### Records for this exercise
lemma sum_card_non_nbhd_swap:
  assumes "finite X" "finite Y"
  shows "(\<Sum>m\<in>Y. card {u \<in> X. \<not> E u m}) = (\<Sum>u\<in>X. card (non_nbhd E u Y))"
proof -
  have card_filter: "card {x \<in> A. P x} = (\<Sum>x\<in>A. if P x then 1 else 0)"
    if "finite A" for A :: "'a set" and P
    using that by (simp add: sum.If_cases Int_def)
  have "(\<Sum>m\<in>Y. card {u \<in> X. \<not> E u m}) = (\<Sum>m\<in>Y. \<Sum>u\<in>X. if \<not> E u m then 1 else 0)"
    using assms(1) by (simp add: card_filter)
  also have "\<dots> = (\<Sum>u\<in>X. \<Sum>m\<in>Y. if \<not> E u m then 1 else 0)"
    by (rule sum.swap)
  also have "\<dots> = (\<Sum>u\<in>X. card (non_nbhd E u Y))"
    using assms(2) by (simp add: card_filter non_nbhd_def)
  finally show ?thesis .
qed

lemma exists_vertex_missed_by_many:
  fixes d :: real
  assumes "finite X" "finite Y" "Y \<noteq> {}" "\<forall>u\<in>X. d \<le> card (non_nbhd E u Y)"
  shows "\<exists>m\<in>Y. card X * d \<le> real (card Y) * card {u \<in> X. \<not> E u m}"
proof -
  let ?f = "\<lambda>m. card {u \<in> X. \<not> E u m}"
  have "Max (?f ` Y) \<in> ?f ` Y"
    using assms(2,3) by simp
  then obtain m where m: "Max (?f ` Y) = ?f m" "m \<in> Y"
    by (rule imageE)
  have "card X * d \<le> (\<Sum>u\<in>X. real (card (non_nbhd E u Y)))"
    using sum_mono[of X "\<lambda>_. d"] assms(4) by (simp add: mult.commute)
  also have "\<dots> = (\<Sum>m\<in>Y. real (?f m))"
    by (simp only: of_nat_sum[symmetric] sum_card_non_nbhd_swap[OF assms(1,2)])
  also have "\<dots> \<le> card Y * real (?f m)"
    using sum_le_card_Max[OF assms(2), of ?f] m(1) by (simp flip: of_nat_sum of_nat_mult)
  finally show ?thesis using m(2) by blast
qed
(*
  For fixed K, the number of trees whose leaf contains y is binomially distributed with
  parameters K and P(y in L(x)), so the LILI probability is the binomial tail
  P(Bin(K, p_n) > K - f(K)), which tends to the same tail at p as n -> oo.
  With m = K - f(K), the complementary probability P(Bin(K, p) <= m) is at most
  (m + 1) K^m (1 - p)^(K - m): there are at most (m + 1) K^m index sets of size at most m,
  and each outcome with at most m hits has at least K - m misses. For p > 0 this bound
  tends to 0 as soon as m = O(ln K). Both growth conditions of the theorem imply
  m = O(ln K); the second one does so without using p > 1/2, only p > 0.
*)
theory Submission
  imports Defs "HOL-Real_Asymp.Real_Asymp"
begin

definition binomial_prob :: "nat \<Rightarrow> real \<Rightarrow> (nat \<Rightarrow> bool) \<Rightarrow> real" where
  "binomial_prob K x P = (\<Sum>j | j \<le> K \<and> P j. real (K choose j) * x ^ j * (1 - x) ^ (K - j))"

lemma binomial_prob_nonneg: "0 \<le> x \<Longrightarrow> x \<le> 1 \<Longrightarrow> 0 \<le> binomial_prob K x P"
  unfolding binomial_prob_def by (intro sum_nonneg) auto

lemma binomial_prob_compl: "binomial_prob K x (\<lambda>j. \<not> P j) = 1 - binomial_prob K x P"
proof -
  have "binomial_prob K x P + binomial_prob K x (\<lambda>j. \<not> P j)
      = (\<Sum>j\<le>K. real (K choose j) * x ^ j * (1 - x) ^ (K - j))"
    unfolding binomial_prob_def by (subst sum.union_disjoint[symmetric]) (auto intro: sum.cong)
  also have "\<dots> = (x + (1 - x)) ^ K"
    by (rule binomial_ring[symmetric])
  finally show ?thesis by simp
qed

lemma tendsto_binomial_prob [tendsto_intros]:
  "(g \<longlongrightarrow> x) F \<Longrightarrow> ((\<lambda>n. binomial_prob K (g n) P) \<longlongrightarrow> binomial_prob K x P) F"
  unfolding binomial_prob_def by (intro tendsto_intros)

lemma binomial_prob_mono:
  assumes "0 \<le> x" "x \<le> 1" "\<And>j. P j \<Longrightarrow> Q j"
  shows "binomial_prob K x P \<le> binomial_prob K x Q"
  unfolding binomial_prob_def using assms by (intro sum_mono2) auto
lemma Emb_pullback:
  "f \<in> Emb L ar A N \<Longrightarrow> univ N = univ M \<Longrightarrow> f \<in> Emb Lstar ar (pullback Lstar ar M A f) M"
  unfolding Emb_def pullback_def by auto

lemma pullback_eq_of_Emb:
  assumes wf: "wf_struc Lstar ar B" and h: "h \<in> Emb Lstar ar B M" and univ_B: "univ B = univ A"
  shows "pullback Lstar ar M A h = B"
proof (rule struc.equality)
  have "rels (pullback Lstar ar M A h) r = rels B r" for r
  proof (cases "r \<in> Lstar")
    case True
    have B_rels: "length xs = ar r \<and> set xs \<subseteq> univ B" if "xs \<in> rels B r" for xs
      using wf True that unfolding wf_struc_def by blast
    have h_rels: "xs \<in> rels B r \<longleftrightarrow> map h xs \<in> rels M r"
      if "set xs \<subseteq> univ B" "length xs = ar r" for xs
      using h True that unfolding Emb_def by blast
    show ?thesis
      using True by (simp add: pullback_def set_eq_iff) (metis B_rels h_rels univ_B)
  next
    case False
    then show ?thesis using wf by (simp add: wf_struc_def pullback_def)
  qed
  then show "rels (pullback Lstar ar M A h) = rels B" by blast
qed (simp_all add: univ_B pullback_def)

lemma reduct_pullback:
  "L \<subseteq> Lstar \<Longrightarrow> reduct L (pullback Lstar ar M A f) = pullback L ar (reduct L M) A f"
  unfolding reduct_def pullback_def by (auto simp: fun_eq_iff)

lemma not_brd_bound_less_card:
  assumes "finite E" and c: "c \<in> Emb L ar A K \<rightarrow> E"
    and persist: "\<forall>g\<in>Emb L ar K K. E \<subseteq> c ` (\<lambda>f. compose (univ A) g f) ` Emb L ar A K"
    and "t < card E"
  shows "\<not> brd_bound L ar K A t"
proof
  assume bound: "brd_bound L ar K A t"
  obtain idx where idx: "bij_betw idx E {0..<card E}"
    using ex_bij_betw_finite_nat[OF \<open>finite E\<close>] by blast
  have "idx \<circ> c \<in> Emb L ar A K \<rightarrow> {..<card E}"
    using c bij_betw_apply[OF idx] by (auto simp: Pi_iff)
  then obtain g where g: "g \<in> Emb L ar K K"
    and small: "card ((idx \<circ> c) ` (\<lambda>f. compose (univ A) g f) ` Emb L ar A K) \<le> t"
    using bound \<open>t < card E\<close> unfolding brd_bound_def by blast
  have "c ` (\<lambda>f. compose (univ A) g f) ` Emb L ar A K = E"
    using persist g c Emb_compose[OF _ g] by blast
  then have "(idx \<circ> c) ` (\<lambda>f. compose (univ A) g f) ` Emb L ar A K = idx ` E"
    by (metis image_comp)
  then have "card ((idx \<circ> c) ` (\<lambda>f. compose (univ A) g f) ` Emb L ar A K) = card E"
    using card_image[OF bij_betw_imp_inj_on[OF idx]] by simp
  then show False using small \<open>t < card E\<close> by simp
qed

### Aim of the task
When you answer, output all of the material exactly as it appears above.

### Solved exercise
lemma sum_card_non_nbhd_swap:
  assumes "finite X" "finite Y"
  shows "(\<Sum>m\<in>Y. card {u \<in> X. \<not> E u m}) = (\<Sum>u\<in>X. card (non_nbhd E u Y))"
proof -
  have card_filter: "card {x \<in> A. P x} = (\<Sum>x\<in>A. if P x then 1 else 0)"
    if "finite A" for A :: "'a set" and P
    using that by (simp add: sum.If_cases Int_def)
  have "(\<Sum>m\<in>Y. card {u \<in> X. \<not> E u m}) = (\<Sum>m\<in>Y. \<Sum>u\<in>X. if \<not> E u m then 1 else 0)"
    using assms(1) by (simp add: card_filter)
  also have "\<dots> = (\<Sum>u\<in>X. \<Sum>m\<in>Y. if \<not> E u m then 1 else 0)"
    by (rule sum.swap)
  also have "\<dots> = (\<Sum>u\<in>X. card (non_nbhd E u Y))"
    using assms(2) by (simp add: card_filter non_nbhd_def)
  finally show ?thesis .
qed

lemma exists_vertex_missed_by_many:
  fixes d :: real
  assumes "finite X" "finite Y" "Y \<noteq> {}" "\<forall>u\<in>X. d \<le> card (non_nbhd E u Y)"
  shows "\<exists>m\<in>Y. card X * d \<le> real (card Y) * card {u \<in> X. \<not> E u m}"
proof -
  let ?f = "\<lambda>m. card {u \<in> X. \<not> E u m}"
  have "Max (?f ` Y) \<in> ?f ` Y"
    using assms(2,3) by simp
  then obtain m where m: "Max (?f ` Y) = ?f m" "m \<in> Y"
    by (rule imageE)
  have "card X * d \<le> (\<Sum>u\<in>X. real (card (non_nbhd E u Y)))"
    using sum_mono[of X "\<lambda>_. d"] assms(4) by (simp add: mult.commute)
  also have "\<dots> = (\<Sum>m\<in>Y. real (?f m))"
    by (simp only: of_nat_sum[symmetric] sum_card_non_nbhd_swap[OF assms(1,2)])
  also have "\<dots> \<le> card Y * real (?f m)"
    using sum_le_card_Max[OF assms(2), of ?f] m(1) by (simp flip: of_nat_sum of_nat_mult)
  finally show ?thesis using m(2) by blast
qed
(*
  For fixed K, the number of trees whose leaf contains y is binomially distributed with
  parameters K and P(y in L(x)), so the LILI probability is the binomial tail
  P(Bin(K, p_n) > K - f(K)), which tends to the same tail at p as n -> oo.
  With m = K - f(K), the complementary probability P(Bin(K, p) <= m) is at most
  (m + 1) K^m (1 - p)^(K - m): there are at most (m + 1) K^m index sets of size at most m,
  and each outcome with at most m hits has at least K - m misses. For p > 0 this bound
  tends to 0 as soon as m = O(ln K). Both growth conditions of the theorem imply
  m = O(ln K); the second one does so without using p > 1/2, only p > 0.
*)
theory Submission
  imports Defs "HOL-Real_Asymp.Real_Asymp"
begin

definition binomial_prob :: "nat \<Rightarrow> real \<Rightarrow> (nat \<Rightarrow> bool) \<Rightarrow> real" where
  "binomial_prob K x P = (\<Sum>j | j \<le> K \<and> P j. real (K choose j) * x ^ j * (1 - x) ^ (K - j))"

lemma binomial_prob_nonneg: "0 \<le> x \<Longrightarrow> x \<le> 1 \<Longrightarrow> 0 \<le> binomial_prob K x P"
  unfolding binomial_prob_def by (intro sum_nonneg) auto

lemma binomial_prob_compl: "binomial_prob K x (\<lambda>j. \<not> P j) = 1 - binomial_prob K x P"
proof -
  have "binomial_prob K x P + binomial_prob K x (\<lambda>j. \<not> P j)
      = (\<Sum>j\<le>K. real (K choose j) * x ^ j * (1 - x) ^ (K - j))"
    unfolding binomial_prob_def by (subst sum.union_disjoint[symmetric]) (auto intro: sum.cong)
  also have "\<dots> = (x + (1 - x)) ^ K"
    by (rule binomial_ring[symmetric])
  finally show ?thesis by simp
qed

lemma tendsto_binomial_prob [tendsto_intros]:
  "(g \<longlongrightarrow> x) F \<Longrightarrow> ((\<lambda>n. binomial_prob K (g n) P) \<longlongrightarrow> binomial_prob K x P) F"
  unfolding binomial_prob_def by (intro tendsto_intros)

lemma binomial_prob_mono:
  assumes "0 \<le> x" "x \<le> 1" "\<And>j. P j \<Longrightarrow> Q j"
  shows "binomial_prob K x P \<le> binomial_prob K x Q"
  unfolding binomial_prob_def using assms by (intro sum_mono2) auto
lemma Emb_pullback:
  "f \<in> Emb L ar A N \<Longrightarrow> univ N = univ M \<Longrightarrow> f \<in> Emb Lstar ar (pullback Lstar ar M A f) M"
  unfolding Emb_def pullback_def by auto

lemma pullback_eq_of_Emb:
  assumes wf: "wf_struc Lstar ar B" and h: "h \<in> Emb Lstar ar B M" and univ_B: "univ B = univ A"
  shows "pullback Lstar ar M A h = B"
proof (rule struc.equality)
  have "rels (pullback Lstar ar M A h) r = rels B r" for r
  proof (cases "r \<in> Lstar")
    case True
    have B_rels: "length xs = ar r \<and> set xs \<subseteq> univ B" if "xs \<in> rels B r" for xs
      using wf True that unfolding wf_struc_def by blast
    have h_rels: "xs \<in> rels B r \<longleftrightarrow> map h xs \<in> rels M r"
      if "set xs \<subseteq> univ B" "length xs = ar r" for xs
      using h True that unfolding Emb_def by blast
    show ?thesis
      using True by (simp add: pullback_def set_eq_iff) (metis B_rels h_rels univ_B)
  next
    case False
    then show ?thesis using wf by (simp add: wf_struc_def pullback_def)
  qed
  then show "rels (pullback Lstar ar M A h) = rels B" by blast
qed (simp_all add: univ_B pullback_def)

lemma reduct_pullback:
  "L \<subseteq> Lstar \<Longrightarrow> reduct L (pullback Lstar ar M A f) = pullback L ar (reduct L M) A f"
  unfolding reduct_def pullback_def by (auto simp: fun_eq_iff)

lemma not_brd_bound_less_card:
  assumes "finite E" and c: "c \<in> Emb L ar A K \<rightarrow> E"
    and persist: "\<forall>g\<in>Emb L ar K K. E \<subseteq> c ` (\<lambda>f. compose (univ A) g f) ` Emb L ar A K"
    and "t < card E"
  shows "\<not> brd_bound L ar K A t"
proof
  assume bound: "brd_bound L ar K A t"
  obtain idx where idx: "bij_betw idx E {0..<card E}"
    using ex_bij_betw_finite_nat[OF \<open>finite E\<close>] by blast
  have "idx \<circ> c \<in> Emb L ar A K \<rightarrow> {..<card E}"
    using c bij_betw_apply[OF idx] by (auto simp: Pi_iff)
  then obtain g where g: "g \<in> Emb L ar K K"
    and small: "card ((idx \<circ> c) ` (\<lambda>f. compose (univ A) g f) ` Emb L ar A K) \<le> t"
    using bound \<open>t < card E\<close> unfolding brd_bound_def by blast
  have "c ` (\<lambda>f. compose (univ A) g f) ` Emb L ar A K = E"
    using persist g c Emb_compose[OF _ g] by blast
  then have "(idx \<circ> c) ` (\<lambda>f. compose (univ A) g f) ` Emb L ar A K = idx ` E"
    by (metis image_comp)
  then have "card ((idx \<circ> c) ` (\<lambda>f. compose (univ A) g f) ` Emb L ar A K) = card E"
    using card_image[OF bij_betw_imp_inj_on[OF idx]] by simp
  then show False using small \<open>t < card E\<close> by simp
qed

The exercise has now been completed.